Records from a data collection
[Start of section]

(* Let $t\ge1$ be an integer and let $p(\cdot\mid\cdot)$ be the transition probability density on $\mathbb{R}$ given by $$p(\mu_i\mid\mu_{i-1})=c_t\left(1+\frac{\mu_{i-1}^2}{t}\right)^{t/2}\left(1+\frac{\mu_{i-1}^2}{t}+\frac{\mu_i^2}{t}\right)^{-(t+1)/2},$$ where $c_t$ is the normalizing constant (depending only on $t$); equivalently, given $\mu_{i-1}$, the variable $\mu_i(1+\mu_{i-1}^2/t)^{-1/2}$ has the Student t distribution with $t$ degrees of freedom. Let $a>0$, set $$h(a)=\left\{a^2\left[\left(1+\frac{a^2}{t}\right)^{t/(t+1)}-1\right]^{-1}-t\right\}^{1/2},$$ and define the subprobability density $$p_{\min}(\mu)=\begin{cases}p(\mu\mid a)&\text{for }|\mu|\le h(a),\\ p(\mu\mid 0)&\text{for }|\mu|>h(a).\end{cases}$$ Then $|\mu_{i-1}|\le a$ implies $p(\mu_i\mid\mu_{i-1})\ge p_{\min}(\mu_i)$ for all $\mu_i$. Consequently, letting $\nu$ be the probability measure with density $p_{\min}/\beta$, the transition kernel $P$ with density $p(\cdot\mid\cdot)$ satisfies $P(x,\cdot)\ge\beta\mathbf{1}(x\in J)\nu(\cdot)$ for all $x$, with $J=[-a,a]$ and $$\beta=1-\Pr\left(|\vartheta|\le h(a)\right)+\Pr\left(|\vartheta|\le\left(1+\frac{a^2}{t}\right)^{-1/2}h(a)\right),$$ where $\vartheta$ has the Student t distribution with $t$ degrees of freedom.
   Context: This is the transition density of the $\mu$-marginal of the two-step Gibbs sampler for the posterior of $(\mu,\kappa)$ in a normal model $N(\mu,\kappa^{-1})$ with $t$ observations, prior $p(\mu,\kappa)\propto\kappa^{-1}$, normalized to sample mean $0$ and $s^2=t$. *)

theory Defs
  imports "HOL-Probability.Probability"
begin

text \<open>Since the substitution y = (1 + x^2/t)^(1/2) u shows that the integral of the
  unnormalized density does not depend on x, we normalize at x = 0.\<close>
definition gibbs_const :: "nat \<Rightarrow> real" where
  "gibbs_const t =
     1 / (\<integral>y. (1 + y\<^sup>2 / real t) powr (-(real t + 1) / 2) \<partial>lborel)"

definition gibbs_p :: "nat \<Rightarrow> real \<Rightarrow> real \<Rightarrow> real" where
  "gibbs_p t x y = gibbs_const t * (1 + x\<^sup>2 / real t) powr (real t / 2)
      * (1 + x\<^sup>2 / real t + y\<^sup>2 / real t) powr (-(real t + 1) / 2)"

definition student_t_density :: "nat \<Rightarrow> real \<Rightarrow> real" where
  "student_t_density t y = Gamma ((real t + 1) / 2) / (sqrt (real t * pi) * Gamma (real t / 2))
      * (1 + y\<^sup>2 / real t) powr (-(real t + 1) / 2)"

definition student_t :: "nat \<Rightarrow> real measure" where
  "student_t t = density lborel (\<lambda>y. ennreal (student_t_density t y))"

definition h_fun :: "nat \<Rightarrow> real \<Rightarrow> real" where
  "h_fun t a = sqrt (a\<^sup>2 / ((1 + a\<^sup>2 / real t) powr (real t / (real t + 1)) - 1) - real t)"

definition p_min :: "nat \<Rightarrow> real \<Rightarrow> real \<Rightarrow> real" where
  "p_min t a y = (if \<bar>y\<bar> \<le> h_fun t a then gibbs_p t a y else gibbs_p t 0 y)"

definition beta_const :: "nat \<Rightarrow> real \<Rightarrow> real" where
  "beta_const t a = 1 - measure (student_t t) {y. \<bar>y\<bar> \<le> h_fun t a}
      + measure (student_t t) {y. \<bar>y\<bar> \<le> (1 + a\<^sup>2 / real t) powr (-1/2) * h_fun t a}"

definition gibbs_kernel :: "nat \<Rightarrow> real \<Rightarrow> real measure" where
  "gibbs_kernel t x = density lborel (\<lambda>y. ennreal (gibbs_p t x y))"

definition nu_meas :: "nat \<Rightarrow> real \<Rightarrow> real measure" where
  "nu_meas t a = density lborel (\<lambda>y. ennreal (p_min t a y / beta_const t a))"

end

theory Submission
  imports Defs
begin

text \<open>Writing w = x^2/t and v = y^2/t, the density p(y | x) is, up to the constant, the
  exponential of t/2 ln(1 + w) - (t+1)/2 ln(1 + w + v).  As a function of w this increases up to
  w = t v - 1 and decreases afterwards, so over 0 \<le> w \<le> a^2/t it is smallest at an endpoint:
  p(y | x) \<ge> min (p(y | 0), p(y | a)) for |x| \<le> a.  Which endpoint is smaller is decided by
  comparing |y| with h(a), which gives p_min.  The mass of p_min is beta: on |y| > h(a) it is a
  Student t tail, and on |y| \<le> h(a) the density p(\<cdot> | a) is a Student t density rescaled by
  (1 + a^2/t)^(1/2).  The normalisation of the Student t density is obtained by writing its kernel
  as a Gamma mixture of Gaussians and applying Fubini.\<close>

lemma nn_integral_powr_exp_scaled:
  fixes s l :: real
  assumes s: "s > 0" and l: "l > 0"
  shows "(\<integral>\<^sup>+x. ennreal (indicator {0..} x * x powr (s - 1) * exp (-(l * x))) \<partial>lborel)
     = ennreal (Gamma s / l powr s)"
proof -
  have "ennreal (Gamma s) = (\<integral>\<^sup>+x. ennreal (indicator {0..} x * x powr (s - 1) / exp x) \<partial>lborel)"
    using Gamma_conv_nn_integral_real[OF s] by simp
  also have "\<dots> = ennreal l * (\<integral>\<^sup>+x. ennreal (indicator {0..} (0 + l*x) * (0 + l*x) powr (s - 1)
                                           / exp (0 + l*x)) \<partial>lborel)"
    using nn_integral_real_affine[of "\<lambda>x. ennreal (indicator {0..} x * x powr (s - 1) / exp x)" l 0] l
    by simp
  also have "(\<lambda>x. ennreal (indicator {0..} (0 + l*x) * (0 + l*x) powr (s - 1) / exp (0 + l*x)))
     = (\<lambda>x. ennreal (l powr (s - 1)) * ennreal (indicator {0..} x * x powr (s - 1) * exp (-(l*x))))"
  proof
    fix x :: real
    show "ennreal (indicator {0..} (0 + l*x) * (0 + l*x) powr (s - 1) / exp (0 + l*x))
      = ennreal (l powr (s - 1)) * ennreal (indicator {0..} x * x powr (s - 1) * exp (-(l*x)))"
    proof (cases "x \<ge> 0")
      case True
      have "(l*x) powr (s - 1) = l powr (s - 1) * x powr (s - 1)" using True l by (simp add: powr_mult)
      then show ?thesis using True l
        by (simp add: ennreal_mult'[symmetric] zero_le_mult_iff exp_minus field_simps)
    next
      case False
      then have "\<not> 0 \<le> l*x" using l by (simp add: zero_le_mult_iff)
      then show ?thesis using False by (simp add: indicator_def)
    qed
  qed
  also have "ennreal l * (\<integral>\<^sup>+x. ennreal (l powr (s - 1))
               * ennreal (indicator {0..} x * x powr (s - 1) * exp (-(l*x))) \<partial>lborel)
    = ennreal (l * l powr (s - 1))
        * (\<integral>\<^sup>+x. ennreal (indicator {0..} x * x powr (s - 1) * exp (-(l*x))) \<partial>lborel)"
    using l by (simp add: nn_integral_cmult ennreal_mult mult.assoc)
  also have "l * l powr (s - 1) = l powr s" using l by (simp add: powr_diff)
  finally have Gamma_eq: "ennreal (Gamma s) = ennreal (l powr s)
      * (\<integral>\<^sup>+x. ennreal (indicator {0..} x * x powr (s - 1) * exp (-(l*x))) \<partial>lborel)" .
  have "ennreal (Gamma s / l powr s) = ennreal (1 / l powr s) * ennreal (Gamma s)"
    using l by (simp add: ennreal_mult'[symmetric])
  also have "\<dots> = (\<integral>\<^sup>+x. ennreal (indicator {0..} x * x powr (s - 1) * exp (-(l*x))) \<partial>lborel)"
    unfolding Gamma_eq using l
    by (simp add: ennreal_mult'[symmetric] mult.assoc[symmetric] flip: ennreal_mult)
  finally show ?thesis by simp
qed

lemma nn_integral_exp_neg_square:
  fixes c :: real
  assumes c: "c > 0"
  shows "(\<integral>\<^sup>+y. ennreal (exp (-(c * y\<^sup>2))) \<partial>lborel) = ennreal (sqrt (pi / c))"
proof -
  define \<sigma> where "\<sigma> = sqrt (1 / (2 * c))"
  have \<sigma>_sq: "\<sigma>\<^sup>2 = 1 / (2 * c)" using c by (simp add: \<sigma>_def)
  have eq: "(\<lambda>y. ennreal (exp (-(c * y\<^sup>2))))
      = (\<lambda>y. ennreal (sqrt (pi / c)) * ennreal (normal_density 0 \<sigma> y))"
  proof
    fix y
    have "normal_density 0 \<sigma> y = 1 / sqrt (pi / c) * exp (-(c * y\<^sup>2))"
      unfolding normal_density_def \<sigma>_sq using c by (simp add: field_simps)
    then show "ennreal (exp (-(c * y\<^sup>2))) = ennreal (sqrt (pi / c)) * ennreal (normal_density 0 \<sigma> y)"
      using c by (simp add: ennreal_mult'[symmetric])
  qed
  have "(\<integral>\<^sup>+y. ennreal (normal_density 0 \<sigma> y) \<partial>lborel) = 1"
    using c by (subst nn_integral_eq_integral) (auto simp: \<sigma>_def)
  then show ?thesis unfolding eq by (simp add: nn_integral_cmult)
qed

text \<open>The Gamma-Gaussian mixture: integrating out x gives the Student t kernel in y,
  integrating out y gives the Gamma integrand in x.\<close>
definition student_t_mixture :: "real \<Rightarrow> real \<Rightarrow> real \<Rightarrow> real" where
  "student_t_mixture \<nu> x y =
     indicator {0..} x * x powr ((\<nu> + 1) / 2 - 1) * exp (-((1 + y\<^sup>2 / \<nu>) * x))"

[End of section]
[Start of section]

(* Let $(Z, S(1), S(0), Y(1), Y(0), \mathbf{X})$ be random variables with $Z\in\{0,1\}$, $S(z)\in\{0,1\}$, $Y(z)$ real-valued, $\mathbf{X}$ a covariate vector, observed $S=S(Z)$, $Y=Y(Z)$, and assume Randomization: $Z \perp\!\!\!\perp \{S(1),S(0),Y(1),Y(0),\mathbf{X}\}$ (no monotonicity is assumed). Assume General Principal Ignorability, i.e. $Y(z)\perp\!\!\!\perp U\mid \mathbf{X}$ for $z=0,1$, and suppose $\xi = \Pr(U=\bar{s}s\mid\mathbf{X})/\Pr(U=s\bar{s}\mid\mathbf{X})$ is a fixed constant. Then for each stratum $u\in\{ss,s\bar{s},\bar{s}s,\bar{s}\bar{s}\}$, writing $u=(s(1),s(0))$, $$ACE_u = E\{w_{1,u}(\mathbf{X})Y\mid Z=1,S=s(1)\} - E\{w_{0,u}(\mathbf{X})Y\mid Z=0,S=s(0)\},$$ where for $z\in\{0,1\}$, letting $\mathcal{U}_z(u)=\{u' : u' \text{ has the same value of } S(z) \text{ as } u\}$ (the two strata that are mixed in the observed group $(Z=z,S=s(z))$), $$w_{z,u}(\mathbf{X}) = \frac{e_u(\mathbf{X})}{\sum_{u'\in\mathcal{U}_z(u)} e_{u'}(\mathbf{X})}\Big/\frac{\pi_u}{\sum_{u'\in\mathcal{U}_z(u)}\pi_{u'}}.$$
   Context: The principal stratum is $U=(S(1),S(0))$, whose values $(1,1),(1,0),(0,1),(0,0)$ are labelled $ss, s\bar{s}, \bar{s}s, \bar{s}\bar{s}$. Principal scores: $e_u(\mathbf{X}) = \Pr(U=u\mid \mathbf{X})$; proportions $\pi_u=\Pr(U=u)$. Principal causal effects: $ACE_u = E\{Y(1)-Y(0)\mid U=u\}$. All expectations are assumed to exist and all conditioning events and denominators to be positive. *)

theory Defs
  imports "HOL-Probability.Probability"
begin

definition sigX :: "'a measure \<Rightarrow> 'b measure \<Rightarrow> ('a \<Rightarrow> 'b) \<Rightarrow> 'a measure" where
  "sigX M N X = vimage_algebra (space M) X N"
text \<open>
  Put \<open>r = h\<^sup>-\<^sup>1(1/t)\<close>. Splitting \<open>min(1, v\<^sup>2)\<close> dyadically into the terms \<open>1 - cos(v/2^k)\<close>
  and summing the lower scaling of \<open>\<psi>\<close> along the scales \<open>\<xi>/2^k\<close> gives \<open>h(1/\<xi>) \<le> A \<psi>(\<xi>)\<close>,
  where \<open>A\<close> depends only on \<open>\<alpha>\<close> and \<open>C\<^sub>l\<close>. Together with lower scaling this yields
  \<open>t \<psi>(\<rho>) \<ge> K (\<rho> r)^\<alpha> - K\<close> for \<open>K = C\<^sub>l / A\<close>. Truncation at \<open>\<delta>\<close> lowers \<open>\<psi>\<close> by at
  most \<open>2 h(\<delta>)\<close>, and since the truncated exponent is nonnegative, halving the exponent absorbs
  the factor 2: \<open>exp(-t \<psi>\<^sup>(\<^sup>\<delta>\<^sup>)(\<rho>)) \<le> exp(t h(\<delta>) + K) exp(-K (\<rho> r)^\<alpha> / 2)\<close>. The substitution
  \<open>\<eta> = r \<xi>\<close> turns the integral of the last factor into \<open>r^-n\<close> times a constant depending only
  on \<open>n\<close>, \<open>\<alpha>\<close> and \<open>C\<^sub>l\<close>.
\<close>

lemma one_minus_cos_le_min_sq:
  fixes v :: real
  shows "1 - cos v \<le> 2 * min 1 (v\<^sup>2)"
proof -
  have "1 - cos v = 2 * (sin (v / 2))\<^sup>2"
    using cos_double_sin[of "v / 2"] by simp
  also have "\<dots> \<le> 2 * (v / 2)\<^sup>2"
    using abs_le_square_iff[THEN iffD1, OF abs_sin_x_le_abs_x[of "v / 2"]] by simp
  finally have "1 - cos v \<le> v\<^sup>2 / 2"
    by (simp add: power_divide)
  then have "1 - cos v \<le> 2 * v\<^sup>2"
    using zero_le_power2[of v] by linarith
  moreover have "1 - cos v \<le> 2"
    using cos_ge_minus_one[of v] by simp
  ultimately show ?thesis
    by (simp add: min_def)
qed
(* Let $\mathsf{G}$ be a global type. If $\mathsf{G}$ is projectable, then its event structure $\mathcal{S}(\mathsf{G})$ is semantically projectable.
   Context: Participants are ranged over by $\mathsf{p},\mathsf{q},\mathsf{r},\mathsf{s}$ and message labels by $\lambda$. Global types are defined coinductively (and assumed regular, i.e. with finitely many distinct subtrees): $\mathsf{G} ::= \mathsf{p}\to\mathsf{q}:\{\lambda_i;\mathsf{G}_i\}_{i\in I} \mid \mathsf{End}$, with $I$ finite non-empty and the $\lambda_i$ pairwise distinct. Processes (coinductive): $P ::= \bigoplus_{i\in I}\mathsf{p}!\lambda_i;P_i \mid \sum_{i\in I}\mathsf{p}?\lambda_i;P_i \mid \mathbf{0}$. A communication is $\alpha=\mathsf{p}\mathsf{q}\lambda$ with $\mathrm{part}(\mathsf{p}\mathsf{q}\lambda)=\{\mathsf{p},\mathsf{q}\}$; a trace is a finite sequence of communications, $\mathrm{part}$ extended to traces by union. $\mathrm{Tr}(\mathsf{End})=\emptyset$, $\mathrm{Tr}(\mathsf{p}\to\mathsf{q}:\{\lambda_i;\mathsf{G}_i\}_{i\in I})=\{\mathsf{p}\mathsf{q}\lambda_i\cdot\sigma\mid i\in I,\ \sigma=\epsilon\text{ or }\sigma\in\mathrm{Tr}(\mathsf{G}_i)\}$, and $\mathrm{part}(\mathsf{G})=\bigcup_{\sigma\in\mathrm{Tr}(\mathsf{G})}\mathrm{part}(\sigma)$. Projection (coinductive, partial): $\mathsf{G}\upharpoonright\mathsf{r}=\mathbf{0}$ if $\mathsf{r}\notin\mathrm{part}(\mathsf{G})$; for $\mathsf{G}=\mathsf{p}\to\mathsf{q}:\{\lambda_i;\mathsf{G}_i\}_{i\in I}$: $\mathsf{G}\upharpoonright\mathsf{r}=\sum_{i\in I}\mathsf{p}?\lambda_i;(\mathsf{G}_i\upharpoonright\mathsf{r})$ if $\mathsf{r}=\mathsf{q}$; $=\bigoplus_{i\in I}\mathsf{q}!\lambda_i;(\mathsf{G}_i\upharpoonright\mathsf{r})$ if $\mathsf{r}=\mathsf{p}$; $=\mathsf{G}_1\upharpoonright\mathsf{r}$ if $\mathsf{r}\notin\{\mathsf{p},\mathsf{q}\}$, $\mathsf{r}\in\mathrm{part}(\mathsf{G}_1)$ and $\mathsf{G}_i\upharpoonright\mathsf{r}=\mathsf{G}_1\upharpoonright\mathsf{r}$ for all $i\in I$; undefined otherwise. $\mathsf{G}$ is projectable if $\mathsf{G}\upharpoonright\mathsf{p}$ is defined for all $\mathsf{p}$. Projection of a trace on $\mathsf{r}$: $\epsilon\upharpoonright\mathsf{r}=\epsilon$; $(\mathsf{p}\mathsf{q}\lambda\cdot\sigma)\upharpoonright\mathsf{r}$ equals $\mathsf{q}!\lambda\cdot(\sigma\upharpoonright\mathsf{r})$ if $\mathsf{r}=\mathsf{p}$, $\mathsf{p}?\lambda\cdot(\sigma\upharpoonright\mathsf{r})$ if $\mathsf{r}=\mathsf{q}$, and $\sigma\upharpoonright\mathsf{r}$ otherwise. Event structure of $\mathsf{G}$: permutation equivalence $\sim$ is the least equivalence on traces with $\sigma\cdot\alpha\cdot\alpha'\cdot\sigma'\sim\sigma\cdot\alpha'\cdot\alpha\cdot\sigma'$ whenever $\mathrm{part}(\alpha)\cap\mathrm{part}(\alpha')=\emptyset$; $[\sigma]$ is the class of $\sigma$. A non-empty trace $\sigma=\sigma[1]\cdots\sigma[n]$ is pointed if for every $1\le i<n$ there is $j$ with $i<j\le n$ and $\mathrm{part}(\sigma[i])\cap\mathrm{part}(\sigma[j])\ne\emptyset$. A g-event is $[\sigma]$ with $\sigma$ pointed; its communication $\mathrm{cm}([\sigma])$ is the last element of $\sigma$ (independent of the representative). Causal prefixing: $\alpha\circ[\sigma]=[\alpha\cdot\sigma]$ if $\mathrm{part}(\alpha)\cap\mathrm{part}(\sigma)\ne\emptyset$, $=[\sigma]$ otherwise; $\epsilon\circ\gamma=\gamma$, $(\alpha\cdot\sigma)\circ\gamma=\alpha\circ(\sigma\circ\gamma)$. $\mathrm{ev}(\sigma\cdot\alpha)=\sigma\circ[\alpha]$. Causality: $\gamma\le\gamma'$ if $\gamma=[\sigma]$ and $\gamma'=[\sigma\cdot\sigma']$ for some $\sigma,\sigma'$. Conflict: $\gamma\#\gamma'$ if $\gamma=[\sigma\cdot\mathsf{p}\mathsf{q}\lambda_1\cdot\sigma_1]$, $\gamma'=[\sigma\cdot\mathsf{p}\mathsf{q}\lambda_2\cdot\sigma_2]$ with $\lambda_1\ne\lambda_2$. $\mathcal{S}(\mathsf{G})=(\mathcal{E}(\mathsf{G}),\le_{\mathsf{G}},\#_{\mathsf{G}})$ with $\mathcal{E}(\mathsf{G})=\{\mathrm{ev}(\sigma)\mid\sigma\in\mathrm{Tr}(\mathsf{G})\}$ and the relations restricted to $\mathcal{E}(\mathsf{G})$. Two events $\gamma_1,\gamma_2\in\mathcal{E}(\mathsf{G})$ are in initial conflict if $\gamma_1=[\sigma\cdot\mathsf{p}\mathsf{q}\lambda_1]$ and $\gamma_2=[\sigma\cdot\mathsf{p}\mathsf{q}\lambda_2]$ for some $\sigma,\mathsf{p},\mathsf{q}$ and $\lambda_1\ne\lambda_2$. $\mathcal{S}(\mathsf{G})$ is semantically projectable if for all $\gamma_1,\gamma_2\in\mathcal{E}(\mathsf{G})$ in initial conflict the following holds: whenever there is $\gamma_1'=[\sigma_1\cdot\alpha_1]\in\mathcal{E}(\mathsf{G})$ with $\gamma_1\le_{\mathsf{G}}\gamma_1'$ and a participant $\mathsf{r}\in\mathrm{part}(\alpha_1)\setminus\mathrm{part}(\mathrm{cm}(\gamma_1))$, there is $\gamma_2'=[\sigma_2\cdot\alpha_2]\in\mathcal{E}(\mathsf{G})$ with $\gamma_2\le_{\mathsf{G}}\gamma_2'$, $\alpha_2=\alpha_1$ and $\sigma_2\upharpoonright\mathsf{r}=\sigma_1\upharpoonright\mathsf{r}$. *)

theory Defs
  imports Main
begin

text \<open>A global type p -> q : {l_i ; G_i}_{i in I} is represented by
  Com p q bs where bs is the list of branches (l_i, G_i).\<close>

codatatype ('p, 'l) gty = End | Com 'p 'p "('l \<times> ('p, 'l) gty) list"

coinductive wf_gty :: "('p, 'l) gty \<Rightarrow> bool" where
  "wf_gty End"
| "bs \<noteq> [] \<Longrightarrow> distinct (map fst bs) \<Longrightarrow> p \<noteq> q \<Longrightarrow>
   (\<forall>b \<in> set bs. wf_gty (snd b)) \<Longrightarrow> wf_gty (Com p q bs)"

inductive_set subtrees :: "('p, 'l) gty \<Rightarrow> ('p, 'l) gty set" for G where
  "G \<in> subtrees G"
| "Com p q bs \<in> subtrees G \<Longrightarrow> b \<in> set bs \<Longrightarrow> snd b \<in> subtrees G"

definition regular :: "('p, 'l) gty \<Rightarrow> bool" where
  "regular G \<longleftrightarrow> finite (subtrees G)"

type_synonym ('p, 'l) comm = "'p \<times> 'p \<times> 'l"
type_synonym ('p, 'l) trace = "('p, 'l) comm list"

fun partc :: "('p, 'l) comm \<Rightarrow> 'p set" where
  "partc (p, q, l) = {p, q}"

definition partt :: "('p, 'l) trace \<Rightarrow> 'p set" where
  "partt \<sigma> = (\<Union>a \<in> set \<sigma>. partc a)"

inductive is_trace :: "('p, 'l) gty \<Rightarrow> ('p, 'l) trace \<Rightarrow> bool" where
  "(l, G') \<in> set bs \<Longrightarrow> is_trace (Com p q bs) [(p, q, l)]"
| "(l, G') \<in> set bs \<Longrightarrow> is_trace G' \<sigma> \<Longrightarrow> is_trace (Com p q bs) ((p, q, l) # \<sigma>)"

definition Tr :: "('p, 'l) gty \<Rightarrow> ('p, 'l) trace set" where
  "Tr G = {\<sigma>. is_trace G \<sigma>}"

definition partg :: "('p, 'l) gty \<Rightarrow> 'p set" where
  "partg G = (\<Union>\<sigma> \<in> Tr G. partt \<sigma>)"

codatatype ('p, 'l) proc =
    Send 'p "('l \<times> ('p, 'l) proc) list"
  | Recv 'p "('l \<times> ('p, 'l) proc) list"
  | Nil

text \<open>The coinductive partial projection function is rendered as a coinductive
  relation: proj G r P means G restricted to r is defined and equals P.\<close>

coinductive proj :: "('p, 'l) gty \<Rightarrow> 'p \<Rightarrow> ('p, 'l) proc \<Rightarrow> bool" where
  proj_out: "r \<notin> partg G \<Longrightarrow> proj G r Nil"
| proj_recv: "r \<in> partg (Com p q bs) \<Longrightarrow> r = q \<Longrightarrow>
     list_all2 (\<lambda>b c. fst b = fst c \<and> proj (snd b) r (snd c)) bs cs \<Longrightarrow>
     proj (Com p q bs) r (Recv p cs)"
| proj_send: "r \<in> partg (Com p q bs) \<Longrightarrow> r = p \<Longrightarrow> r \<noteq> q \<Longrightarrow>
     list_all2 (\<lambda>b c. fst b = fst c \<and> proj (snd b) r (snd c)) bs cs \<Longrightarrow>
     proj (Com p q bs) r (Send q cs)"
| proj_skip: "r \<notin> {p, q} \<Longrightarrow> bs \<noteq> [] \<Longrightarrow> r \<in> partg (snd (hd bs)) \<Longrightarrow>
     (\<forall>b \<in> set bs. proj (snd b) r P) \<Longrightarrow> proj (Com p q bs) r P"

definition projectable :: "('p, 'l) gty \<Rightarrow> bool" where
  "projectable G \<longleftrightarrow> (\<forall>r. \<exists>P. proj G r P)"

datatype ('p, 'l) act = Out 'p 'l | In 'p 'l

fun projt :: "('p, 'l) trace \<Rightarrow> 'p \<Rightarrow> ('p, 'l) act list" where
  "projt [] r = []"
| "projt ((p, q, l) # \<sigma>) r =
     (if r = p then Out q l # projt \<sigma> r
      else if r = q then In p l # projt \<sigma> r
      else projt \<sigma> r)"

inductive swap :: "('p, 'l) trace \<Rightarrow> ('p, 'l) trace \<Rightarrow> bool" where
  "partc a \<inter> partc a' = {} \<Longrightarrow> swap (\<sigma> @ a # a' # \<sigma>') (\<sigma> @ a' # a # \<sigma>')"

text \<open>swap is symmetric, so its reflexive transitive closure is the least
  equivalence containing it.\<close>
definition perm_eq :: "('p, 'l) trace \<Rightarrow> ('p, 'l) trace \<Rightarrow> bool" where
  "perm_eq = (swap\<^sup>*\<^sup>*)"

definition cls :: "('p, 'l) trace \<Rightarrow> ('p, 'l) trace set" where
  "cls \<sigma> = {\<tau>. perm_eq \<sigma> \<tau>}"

[End of section]

▸ Your assignment
Copy out, word for word, the part of the entries above that begins at the line with "is_trace G' \<sigma>" and ends at the line with "text \<open>swap is", including both.

▸ Written solution
| "(l, G') \<in> set bs \<Longrightarrow> is_trace G' \<sigma> \<Longrightarrow> is_trace (Com p q bs) ((p, q, l) # \<sigma>)"

definition Tr :: "('p, 'l) gty \<Rightarrow> ('p, 'l) trace set" where
  "Tr G = {\<sigma>. is_trace G \<sigma>}"

definition partg :: "('p, 'l) gty \<Rightarrow> 'p set" where
  "partg G = (\<Union>\<sigma> \<in> Tr G. partt \<sigma>)"

codatatype ('p, 'l) proc =
    Send 'p "('l \<times> ('p, 'l) proc) list"
  | Recv 'p "('l \<times> ('p, 'l) proc) list"
  | Nil

text \<open>The coinductive partial projection function is rendered as a coinductive
  relation: proj G r P means G restricted to r is defined and equals P.\<close>

coinductive proj :: "('p, 'l) gty \<Rightarrow> 'p \<Rightarrow> ('p, 'l) proc \<Rightarrow> bool" where
  proj_out: "r \<notin> partg G \<Longrightarrow> proj G r Nil"
| proj_recv: "r \<in> partg (Com p q bs) \<Longrightarrow> r = q \<Longrightarrow>
     list_all2 (\<lambda>b c. fst b = fst c \<and> proj (snd b) r (snd c)) bs cs \<Longrightarrow>
     proj (Com p q bs) r (Recv p cs)"
| proj_send: "r \<in> partg (Com p q bs) \<Longrightarrow> r = p \<Longrightarrow> r \<noteq> q \<Longrightarrow>
     list_all2 (\<lambda>b c. fst b = fst c \<and> proj (snd b) r (snd c)) bs cs \<Longrightarrow>
     proj (Com p q bs) r (Send q cs)"
| proj_skip: "r \<notin> {p, q} \<Longrightarrow> bs \<noteq> [] \<Longrightarrow> r \<in> partg (snd (hd bs)) \<Longrightarrow>
     (\<forall>b \<in> set bs. proj (snd b) r P) \<Longrightarrow> proj (Com p q bs) r P"

definition projectable :: "('p, 'l) gty \<Rightarrow> bool" where
  "projectable G \<longleftrightarrow> (\<forall>r. \<exists>P. proj G r P)"

datatype ('p, 'l) act = Out 'p 'l | In 'p 'l

fun projt :: "('p, 'l) trace \<Rightarrow> 'p \<Rightarrow> ('p, 'l) act list" where
  "projt [] r = []"
| "projt ((p, q, l) # \<sigma>) r =
     (if r = p then Out q l # projt \<sigma> r
      else if r = q then In p l # projt \<sigma> r
      else projt \<sigma> r)"

inductive swap :: "('p, 'l) trace \<Rightarrow> ('p, 'l) trace \<Rightarrow> bool" where
  "partc a \<inter> partc a' = {} \<Longrightarrow> swap (\<sigma> @ a # a' # \<sigma>') (\<sigma> @ a' # a # \<sigma>')"

text \<open>swap is symmetric, so its reflexive transitive closure is the least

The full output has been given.